Developers should be able to build applications that obey the constraints from the data model: We shouldn’t be able to create an order item without an order, and it might not make sense to create an order without an item, either. Cancelling before both are created should cancel the entire operation. For cases like this, Offline OData provides a change set feature which allows users to perform multiple CRUD operations that will only be committed if they all succeed. This is useful from a data integrity perspective, but it can also lead to more complicated application logic. If the first Create Entity Action in an Offline OData change set succeeds but the second one fails, how does the application know to go back to the original page? The designer would have to carefully chain each action to the next and handle all the failure cases separately to ensure the right user experience.

Luckily, App Modeler provides its own concept of a change set which builds on the one from Offline OData. A Change Set Action is used to group several actions together. If any of them fail, the Change Set Action’s failure handler will be invoked and the chain will be short-circuited. This means that any data operations from inside the change set will be also be reverted.

Going back to the app, after we create a sales order entity, the page for creating a sales order item is displayed.
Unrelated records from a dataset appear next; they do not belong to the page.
(* If all the nodes in the graph are given different identities, then the identity of the leader node will be uniquely defined by the high level algorithm.
   Context: A broadcast network is modeled as a connected graph G(V,E) with n nodes, reliable FIFO message delivery with arbitrary finite delays, no failures. The high level (fragment-level) leader election algorithm: nodes are partitioned into fragments each with a candidate; id(F) = (size, candidate identity) ordered lexicographically (by size, then identity); external edges are directed from the larger-id fragment to the smaller-id one. Initially every node is a size-1 fragment in state wait. A fragment with some outgoing edge waits; a fragment whose external edges are all incoming enters work, counts its size new_size after a finite positive delay, and compares with its maximal neighbor F': if new_size > X · size(F') (X > 1) it updates its size, all its external edges become outgoing, and it returns to wait; otherwise it joins F'. A fragment with no external edges is the leader. It has been shown that, with distinct node identities, the sequence of events of this algorithm does not depend on the state delays (waitdelay, workdelay). *)

theory Defs
  imports Complex_Main "HOL-Library.Product_Lexorder"
begin

datatype fstate = Wait | Work

record 'v frag =
  nodes :: "'v set"
  cand  :: 'v
  fsize :: nat
  fstate_of   :: fstate

definition fid :: "('v \<Rightarrow> 'i::linorder) \<Rightarrow> 'v frag \<Rightarrow> nat \<times> 'i" where
  "fid ident F = (fsize F, ident (cand F))"

definition adjacent :: "('v \<times> 'v) set \<Rightarrow> 'v frag \<Rightarrow> 'v frag \<Rightarrow> bool" where
  "adjacent E F G \<longleftrightarrow> F \<noteq> G \<and> (\<exists>u\<in>nodes F. \<exists>v\<in>nodes G. (u, v) \<in> E)"

definition neighbours :: "('v \<times> 'v) set \<Rightarrow> 'v frag set \<Rightarrow> 'v frag \<Rightarrow> 'v frag set" where
  "neighbours E S F = {G \<in> S. adjacent E F G}"

text \<open>External edges are directed from the larger-id fragment to the smaller-id one;
  hence all external edges of F are incoming iff F's id is smaller than that of every neighbour.\<close>
definition all_incoming :: "('v \<times> 'v) set \<Rightarrow> ('v \<Rightarrow> 'i::linorder) \<Rightarrow> 'v frag set \<Rightarrow> 'v frag \<Rightarrow> bool" where
  "all_incoming E ident S F \<longleftrightarrow> (\<forall>G\<in>neighbours E S F. fid ident F < fid ident G)"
This sequence is defined in a Change Set Action.

Change Set Action that combines sales order and sales order item creation.

If we cancel out of this second action, the change set is ended and the sales order we created is discarded. On the other hand, if we follow through with the item creation, both entities are created and linked. Again, App Modeler provides an intuitive way to connect the business logic with the data model itself.

As we’ve seen from these examples, App Modeler makes it easy to configure a highly performant list, to access data that’s been fetched or provided by the end user, and to define a chain of actions that’s atomic with respect to the data store and the business logic. App Modeler manages all the complexities of getting the most out of the Offline OData SDK and makes its benefits readily accessible. As you create your own apps using App Modeler, make sure to share your thoughts on how it uses Offline OData, as well as any challenges you run into along the way.